PROBLEM DESCRIPTION:
Please return every line of the records below that contains the word "Bailey".

--- START ---

lemma finite_support_pobj:
  "v \<in> pobj F X \<Longrightarrow> nominal_set X ax \<Longrightarrow> wf_pf ac F \<Longrightarrow>
   \<exists>T. finite T \<and> supports (pact ac ax) T v"
proof (induction rule: pobj_induct)
  case (Const C c)
  then obtain T where "finite T" "supports ac T c"
    unfolding wf_pf.simps nominal_set_def by blast
  moreover from \<open>supports ac T c\<close> have "supports (pact ac ax) T (VConst c)"
    by (rule supports_equivariant_image) simp
  ultimately show ?case by (intro exI conjI)
next
  case (Var x)
  then obtain T where "finite T" "supports ax T x"
    unfolding nominal_set_def by blast
  moreover from \<open>supports ax T x\<close> have "supports (pact ac ax) T (VVar x)"
    by (rule supports_equivariant_image) simp
  ultimately show ?case by (intro exI conjI)
next
  case (Pair F G a b)
  then obtain Ta Tb where "finite Ta" "supports (pact ac ax) Ta a"
    and "finite Tb" "supports (pact ac ax) Tb b"
    by (meson wf_pf.simps(3))
  then have "finite (Ta \<union> Tb)" "supports (pact ac ax) (Ta \<union> Tb) (VPair a b)"
    by (simp_all add: supports_def)
  then show ?case by (intro exI conjI)
next
  case (Inj I Fs i u)
  then obtain T where "finite T" "supports (pact ac ax) T u"
    by (meson wf_pf.simps(4))
  moreover from \<open>supports (pact ac ax) T u\<close> have "supports (pact ac ax) T (VInj i u)"
    by (rule supports_equivariant_image) simp
  ultimately show ?case by (intro exI conjI)
qed

lemma nominal_set_pobj:
  assumes "nominal_set X ax" "wf_pf ac F"
  shows "nominal_set (pobj F X) (pact ac ax)"
  unfolding nominal_set_def[of "pobj F X"]
  using pact_id_pobj pact_comp_pobj pact_in_pobj finite_support_pobj assms by auto

lemma pmap_in_pobj:
  "v \<in> pobj F X \<Longrightarrow> (\<And>x. x \<in> X \<Longrightarrow> h x \<in> Y) \<Longrightarrow> pmap h v \<in> pobj F Y"
  by (induction rule: pobj_induct) auto

lemma pmap_pact:
  "v \<in> pobj F X \<Longrightarrow> (\<And>x. x \<in> X \<Longrightarrow> h (ax p x) = ay p (h x)) \<Longrightarrow>
   pmap h (pact ac ax p v) = pact ac ay p (pmap h v)"
  by (induction rule: pobj_induct) auto

lemma equivariant_pmap:
  "equivariant X ax Y ay h \<Longrightarrow>
   equivariant (pobj F X) (pact ac ax) (pobj F Y) (pact ac ay) (pmap h)"
  unfolding equivariant_def by (blast intro: pmap_in_pobj pmap_pact)

text \<open>The double strength \<open>d\<close>, composed with the pairing constructor of values.\<close>

definition vpairs :: "('c, 'i, 'x) pv set \<Rightarrow> ('c, 'i, 'x) pv set \<Rightarrow> ('c, 'i, 'x) pv set" where
  "vpairs A B = {VPair a b | a b. a \<in> A \<and> b \<in> B}"

lemma pext_PProdF_VPair [simp]:
  "pext (PProdF F G) f (VPair a b) = vpairs (pext F f a) (pext G f b)"
  by (simp add: vpairs_def)

declare pext.simps(3) [simp del]

lemma vpairs_singleton [simp]: "vpairs {a} {b} = {VPair a b}"
  by (auto simp: vpairs_def)

lemma image_pact_vpairs:
  "pact ac ax p ` vpairs A B = vpairs (pact ac ax p ` A) (pact ac ax p ` B)"
  unfolding vpairs_def by (auto intro!: image_eqI[where x="VPair _ _"])

lemma vpairs_UN:
  "vpairs (\<Union>a\<in>A. g a) (\<Union>b\<in>B. h b) = (\<Union>a\<in>A. \<Union>b\<in>B. vpairs (g a) (h b))"
  unfolding vpairs_def by blast

lemma UN_vpairs: "(\<Union>v\<in>vpairs A B. k v) = (\<Union>a\<in>A. \<Union>b\<in>B. k (VPair a b))"
  unfolding vpairs_def by blast

lemma pext_subset_pobj:
  "v \<in> pobj F X \<Longrightarrow> (\<And>x. x \<in> X \<Longrightarrow> f x \<subseteq> Y) \<Longrightarrow> pext F f v \<subseteq> pobj F Y"
  by (induction rule: pobj_induct) (auto simp: vpairs_def)
theorem corollary4:
  fixes x :: "nat \<Rightarrow> real^'n" and y :: "nat \<Rightarrow> real" and l :: nat
    and Cs :: "nat \<Rightarrow> real" and K k :: nat and wk :: "real^'n" and i :: nat
  assumes y: "\<forall>j\<in>{1..l}. y j = 1 \<or> y j = -1"
    and Cpos: "0 < Cs 1"
    and Cinc: "\<forall>j\<in>{1..<K}. Cs j < Cs (Suc j)"
    and k: "1 \<le> k" "k < K"
    and i: "i \<in> {1..l}"
    and wk: "primal_opt (\<lambda>j. y j *\<^sub>R x j) l (Cs k) wk"
  shows
    "(((Cs k + Cs (Suc k)) / (2 * Cs k)) * inner wk (y i *\<^sub>R x i)
        - ((Cs (Suc k) - Cs k) / (2 * Cs k)) * norm wk * norm (y i *\<^sub>R x i) > 1
      \<longrightarrow> (\<forall>\<theta>. dual_opt (\<lambda>j. y j *\<^sub>R x j) l (Cs (Suc k)) \<theta> \<longrightarrow> \<theta> i = 0)
        \<and> (\<forall>w. primal_opt (\<lambda>j. y j *\<^sub>R x j) l (Cs (Suc k)) w \<longrightarrow> inner w (y i *\<^sub>R x i) > 1))
     \<and> (((Cs k + Cs (Suc k)) / (2 * Cs k)) * inner wk (y i *\<^sub>R x i)
        + ((Cs (Suc k) - Cs k) / (2 * Cs k)) * norm wk * norm (y i *\<^sub>R x i) < 1
      \<longrightarrow> (\<forall>\<theta>. dual_opt (\<lambda>j. y j *\<^sub>R x j) l (Cs (Suc k)) \<theta> \<longrightarrow> \<theta> i = 1)
        \<and> (\<forall>w. primal_opt (\<lambda>j. y j *\<^sub>R x j) l (Cs (Suc k)) w \<longrightarrow> inner w (y i *\<^sub>R x i) < 1))"
  proof -
  have "Cs 1 \<le> Cs k"
    using k(1)
  proof (induction k rule: dec_induct)
    case (step n)
    with Cinc k(2) show ?case
      by (metis atLeastLessThan_iff less_imp_le order_trans less_trans)
  qed simp
  moreover have "Cs k < Cs (Suc k)"
    using Cinc k by simp
  ultimately have C: "0 < Cs k" "Cs k \<le> Cs (Suc k)"
    using Cpos by auto
  \<comment> \<open>the labels \<open>y\<close> enter only through \<open>y\<^sub>i x\<^sub>i\<close>\<close>
  show ?thesis
    using svm_screening_eq_0[OF wk C i] svm_screening_eq_1[OF wk C i] by blast
qed

end
text \<open>
  Heine's transformation with A = q/c, B = q, C = -a, z = -c/q turns the left-hand side into
  (q, -1; q)_inf / (-a, -c/q; q)_inf times the 2phi1 series with parameters -a/q, -c/q; -1 at
  argument q, and Euler's transformation at C = -1 (reached from the range |C| < |B| by analytic
  continuation in C) identifies that series with the one with parameters q/c, q/a; -1 at argument
  -ac/q. The latter is half the beta-side of Bailey's lemma with rho_1 = q/a, rho_2 = q/c for the
  Bailey pair relative to 1 given by beta_n = 2 (-1)^n / (q, -1; q)_n and
  alpha_r = q^(r^2 - r) (1 + q^r) (q^r S_r - S_(r-1)). That these form a Bailey pair is a finite
  telescoping identity combined with Gauss' evaluation of the alternating sum of q-binomial
  coefficients; Bailey's lemma itself follows by interchanging a double series whose inner sums are
  q-Gauss sums. The argument needs |q| < |a|; since both sides, multiplied by suitable infinite
  products, are holomorphic in a on the punctured unit disc, the identity extends by analytic
  continuation.
\<close>

section \<open>Analytic preliminaries\<close>

lemma norm_mult_less_one:
  fixes x y :: "'a :: real_normed_div_algebra"
  assumes "norm x < 1" "norm y \<le> 1"
  shows "norm (x * y) < 1"
proof -
  have "norm x * norm y \<le> norm x"
    using assms by (simp add: mult_left_le)
  then show ?thesis
    using assms by (simp add: norm_mult)
qed

lemma eq_divide_mult_iff:
  fixes d :: "'a :: field"
  assumes "d \<noteq> 0"
  shows "l = n / d * x \<longleftrightarrow> d * l = n * x"
  using assms by (auto simp: field_simps)
lemma mixed_partials_commute:
  fixes v :: "real^'n \<Rightarrow> real"
  assumes "open U" "smooth_on U v" "x \<in> U"
  shows "partial i (partial j v) x = partial j (partial i v) x"
proof (rule continuous_at_eq_if_agree_nearby[where f = "partial i (partial j v)"])
  have "continuous (at x) (iter_partial [k, l] v)" for k l
    using smooth_on_differentiable_at[OF assms] differentiable_imp_continuous_within by blast
  then show "continuous (at x) (partial i (partial j v))" "continuous (at x) (partial j (partial i v))"
    by simp_all
  fix \<delta> :: real
  assume "\<delta> > 0"
  obtain r where "r > 0" "ball x r \<subseteq> U"
    using assms openE by blast
  define h where "h = min \<delta> r / 3"
  have "h > 0"
    using \<open>\<delta> > 0\<close> \<open>r > 0\<close> by (simp add: h_def)
  have near: "dist (x + a *\<^sub>R axis k 1 + b *\<^sub>R axis l 1) x < min \<delta> r"
    if "0 \<le> a" "a \<le> h" "0 \<le> b" "b \<le> h" for a b k l
    using dist_add_axes_le[OF that(1,3), of x k l] that \<open>h > 0\<close> by (simp add: h_def)
  have diff: "v differentiable (at (x + a *\<^sub>R axis k 1 + b *\<^sub>R axis l 1)) \<and>
      partial k v differentiable (at (x + a *\<^sub>R axis k 1 + b *\<^sub>R axis l 1))"
    if "0 \<le> a" "a \<le> h" "0 \<le> b" "b \<le> h" for a b k l
    using smooth_on_differentiable_at[OF assms(1,2), of _ "[]"]
      smooth_on_differentiable_at[OF assms(1,2), of _ "[k]"] near[OF that, of k l] \<open>ball x r \<subseteq> U\<close>
    by (auto simp: dist_commute)
  text \<open>The square second difference is symmetric in \<open>i\<close> and \<open>j\<close>, so it equals \<open>h\<^sup>2\<close> times
    either mixed partial at some point of the square; these points tend to \<open>x\<close> with \<open>h\<close>.\<close>
  obtain a b where ab: "0 < a" "a < h" "0 < b" "b < h" and ij:
    "v (x + h *\<^sub>R axis i 1 + h *\<^sub>R axis j 1) - v (x + h *\<^sub>R axis j 1) - v (x + h *\<^sub>R axis i 1) + v x
      = h^2 * partial j (partial i v) (x + a *\<^sub>R axis i 1 + b *\<^sub>R axis j 1)"
    by (rule second_difference_eq_mixed_partial[OF \<open>h > 0\<close> diff])
  obtain a' b' where ab': "0 < a'" "a' < h" "0 < b'" "b' < h" and ji:
    "v (x + h *\<^sub>R axis j 1 + h *\<^sub>R axis i 1) - v (x + h *\<^sub>R axis i 1) - v (x + h *\<^sub>R axis j 1) + v x
      = h^2 * partial i (partial j v) (x + a' *\<^sub>R axis j 1 + b' *\<^sub>R axis i 1)"
    by (rule second_difference_eq_mixed_partial[OF \<open>h > 0\<close> diff])
  have swap: "x + h *\<^sub>R axis j 1 + h *\<^sub>R axis i 1 = x + h *\<^sub>R axis i (1::real) + h *\<^sub>R axis j 1"
    by (simp add: add_ac)
  have "h^2 * partial i (partial j v) (x + a' *\<^sub>R axis j 1 + b' *\<^sub>R axis i 1)
      = h^2 * partial j (partial i v) (x + a *\<^sub>R axis i 1 + b *\<^sub>R axis j 1)"
    using ij ji[unfolded swap] by linarith
  then have "partial i (partial j v) (x + a' *\<^sub>R axis j 1 + b' *\<^sub>R axis i 1)
      = partial j (partial i v) (x + a *\<^sub>R axis i 1 + b *\<^sub>R axis j 1)"
    using \<open>h > 0\<close> by simp
  moreover have "dist (x + a' *\<^sub>R axis j 1 + b' *\<^sub>R axis i 1) x < \<delta>"
    "dist (x + a *\<^sub>R axis i 1 + b *\<^sub>R axis j 1) x < \<delta>"
    using near[of a' b' j i] near[of a b i j] ab ab' by auto
  ultimately show "\<exists>p q. dist p x < \<delta> \<and> dist q x < \<delta> \<and>
      partial i (partial j v) p = partial j (partial i v) q"
    by blast
qed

--- END ---

RESPONSE:
  -ac/q. The latter is half the beta-side of Bailey's lemma with rho_1 = q/a, rho_2 = q/c for the
  Bailey pair relative to 1 given by beta_n = 2 (-1)^n / (q, -1; q)_n and
  alpha_r = q^(r^2 - r) (1 + q^r) (q^r S_r - S_(r-1)). That these form a Bailey pair is a finite
  coefficients; Bailey's lemma itself follows by interchanging a double series whose inner sums are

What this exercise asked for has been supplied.